Где ясные лучи светлого солнышка, озарявшие весёлые лица, делавшие красные крыши ещё краснее, а оконные стёкла ещё ослепительнее? Где они, согревавшие небо и землю, птичек и жучков? Ах, знобит меня днём и ночью от тоски и ожидания. Где ты, друг мой Уленшпигель?
А Уленшпигель, голодный и холодный, добрался уже до Ренэ во Фландрии, но он не унывал, а старался шутками и прибаутками раздобыть себе пропитание. Но это плохо удавалось ему, и люди шли мимо и не давали ему ничего.
Было холодно; то снег, то дождь, то град падали на спину путника. Шёл он по деревне, – слюнки текли у него изо рта, когда он видел где-нибудь в углу собаку, грызущую кость. Он охотно заработал бы флорин, но не знал, как устроить, чтобы флорины попадали в его кошелёк.

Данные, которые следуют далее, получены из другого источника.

text \<open>Testing \<open>K\<^sup>* y\<close> against its own truncations \<open>x\<close> to \<open>{..<n}\<close> gives
  \<open>\<parallel>x\<parallel>\<^sup>2 = \<langle>K x, y\<rangle> \<le> C \<parallel>x\<parallel> \<parallel>y\<parallel>\<close>, i.e. a uniform bound on the partial sums.\<close>

lemma is_adjoint_l2_norm_bound:
  assumes adj: "is_adjoint_l2 K Kstar"
    and K_bound: "\<And>x. x \<in> l2 \<Longrightarrow> norm (K x) \<le> C * l2norm x" and "0 \<le> C"
  shows "l2norm (Kstar y) \<le> C * norm y"
proof -
  define v where "v = Kstar y"
  have partial_sum_bound: "(\<Sum>k<n. (v k)\<^sup>2) \<le> (C * norm y)\<^sup>2" for n
  proof -
    define x where "x = (\<lambda>k. if k < n then v k else 0)"
    define S where "S = (\<Sum>k<n. (v k)\<^sup>2)"
    have "x \<in> l2"
      unfolding l2_def x_def mem_Collect_eq by (rule summable_finite[of "{..<n}"]) auto
    have "S \<ge> 0"
      by (simp add: S_def sum_nonneg)
    have "(\<Sum>k. x k * v k) = (\<Sum>k<n. x k * v k)" "(\<Sum>k. (x k)\<^sup>2) = (\<Sum>k<n. (x k)\<^sup>2)"
      by (rule suminf_finite; auto simp: x_def)+
    then have sum_xv: "(\<Sum>k. x k * v k) = S" and norm_x: "l2norm x = sqrt S"
      by (simp_all add: x_def S_def l2norm_def power2_eq_square)
    have "S = inner (K x) y"
      using adj \<open>x \<in> l2\<close> sum_xv by (simp add: is_adjoint_l2_def v_def)
    also have "\<dots> \<le> norm (K x) * norm y"
      by (rule norm_cauchy_schwarz)
    also have "\<dots> \<le> (C * sqrt S) * norm y"
      using K_bound[OF \<open>x \<in> l2\<close>] norm_x by (simp add: mult_right_mono)
    also have "\<dots> = (C * norm y) * sqrt S"
      by simp
    finally have "sqrt S \<le> C * norm y"
      using \<open>S \<ge> 0\<close> \<open>0 \<le> C\<close>
      by (smt (verit, best) divide_right_mono eq_divide_imp real_div_sqrt norm_ge_zero
          zero_le_mult_iff)
    then show ?thesis
      using \<open>S \<ge> 0\<close> by (metis S_def power_mono real_sqrt_ge_zero real_sqrt_pow2)
  qed
  have "(\<Sum>k. (v k)\<^sup>2) \<le> (C * norm y)\<^sup>2"
    using adj partial_sum_bound by (intro suminf_le_const) (auto simp: is_adjoint_l2_def l2_def v_def)
  then have "sqrt (\<Sum>k. (v k)\<^sup>2) \<le> sqrt ((C * norm y)\<^sup>2)"
    using real_sqrt_le_mono by blast
  then show ?thesis
    using \<open>0 \<le> C\<close> by (simp add: l2norm_def v_def)
qed

definition soft_threshold :: "real \<Rightarrow> real \<Rightarrow> real" where
  "soft_threshold t x = max 0 (\<bar>x\<bar> - t) * sgn x"

lemma soft_thresh_eq: "soft_thresh v u k = soft_threshold (v k) (u k)"
  by (simp add: soft_thresh_def soft_threshold_def)

lemma abs_soft_threshold_le: "0 \<le> t \<Longrightarrow> \<bar>soft_threshold t x\<bar> \<le> \<bar>x\<bar>"
  by (auto simp: soft_threshold_def sgn_if abs_if)

text \<open>At \<open>\<bar>z\<bar> = t\<close> the margin is \<open>t\<close>, not \<open>0\<close>: there soft thresholding has a kink, but
  its increment still equals the slope at the perturbed point times \<open>d\<close>.\<close>

definition threshold_margin :: "real \<Rightarrow> real \<Rightarrow> real" where
  "threshold_margin t z = (if \<bar>z\<bar> = t then t else \<bar>\<bar>z\<bar> - t\<bar>)"

lemma soft_threshold_increment:
  assumes "0 < t" and "\<bar>d\<bar> < threshold_margin t z"
  shows "soft_threshold t (z + d) - soft_threshold t z = (if t < \<bar>z + d\<bar> then d else 0)"
  using assms by (auto simp: soft_threshold_def threshold_margin_def sgn_if abs_if split: if_splits)

lemma l2_threshold_margin_uniform:
  assumes "z \<in> l2" and "0 < t0" and t_ge: "\<And>k. t0 \<le> t k"
  obtains \<delta> where "0 < \<delta>" and "\<And>k. \<delta> \<le> threshold_margin (t k) (z k)"
proof -
  define near where "near = {k. t0 / 2 \<le> \<bar>z k\<bar>}"
  have "(\<lambda>k. (z k)\<^sup>2) \<longlonglongrightarrow> 0"
    using assms(1) by (intro summable_LIMSEQ_zero) (simp add: l2_def)
  then have "eventually (\<lambda>k. (z k)\<^sup>2 < (t0 / 2)\<^sup>2) sequentially"
    by (rule order_tendstoD(2)) (use \<open>0 < t0\<close> in simp)
  then obtain N where N: "\<And>k. N \<le> k \<Longrightarrow> \<bar>z k\<bar>\<^sup>2 < (t0 / 2)\<^sup>2"
    by (auto simp: eventually_sequentially)
  have "near \<subseteq> {..<N}"
  proof
    fix k assume "k \<in> near"
    show "k \<in> {..<N}"
    proof (rule ccontr)
      assume "k \<notin> {..<N}"
      then have "\<bar>z k\<bar>\<^sup>2 < (t0 / 2)\<^sup>2"
        using N by simp
      then have "\<bar>z k\<bar> < t0 / 2"
        by (rule power2_less_imp_less) (use \<open>0 < t0\<close> in simp)
      then show False
        using \<open>k \<in> near\<close> by (simp add: near_def)
    qed
  qed
  then have "finite near"
    by (rule finite_subset) simp
  have margin_pos: "0 < threshold_margin (t k) (z k)" for k
    using t_ge[of k] \<open>0 < t0\<close> by (auto simp: threshold_margin_def)
  define \<delta> where "\<delta> = Min (insert (t0 / 2) ((\<lambda>k. threshold_margin (t k) (z k)) ` near))"
  show ?thesis
  proof
    show "0 < \<delta>"
      unfolding \<delta>_def using \<open>finite near\<close> \<open>0 < t0\<close> margin_pos by (subst Min_gr_iff) auto
    show "\<delta> \<le> threshold_margin (t k) (z k)" for k
    proof (cases "k \<in> near")
      case True
      then show ?thesis
        unfolding \<delta>_def using \<open>finite near\<close> by (intro Min_le) auto
    next
      case False
      then have "t0 / 2 \<le> threshold_margin (t k) (z k)"
        using t_ge[of k] by (auto simp: near_def threshold_margin_def)
      moreover have "\<delta> \<le> t0 / 2"
        unfolding \<delta>_def using \<open>finite near\<close> by (intro Min_le) auto
      ultimately show ?thesis
        by linarith
    qed
  qed
qed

Он искал наверху; там голуби, сидя на крыше голубятни, роняли вниз белые кружочки, но это были не флорины. Он искал на улице, но флорины не растут на мостовой.
Поискав направо, он увидел преподлую тучу, которая неслась по небу, точно громадная лейка, но он знал, что если что и польётся из этой тучи, то это никак не будет дождь флоринов. Поискав налево, он увидел здоровенный и никому не нужный дикий каштан, стоявший без дела.
– Эх, – сказал он, – почему это есть каштановые деревья и нет флориновых? Приятные были бы деревца!..
Вдруг разверзлась громадная туча, и из неё посыпался на спину Уленшпигеля град, твёрдый, как камень.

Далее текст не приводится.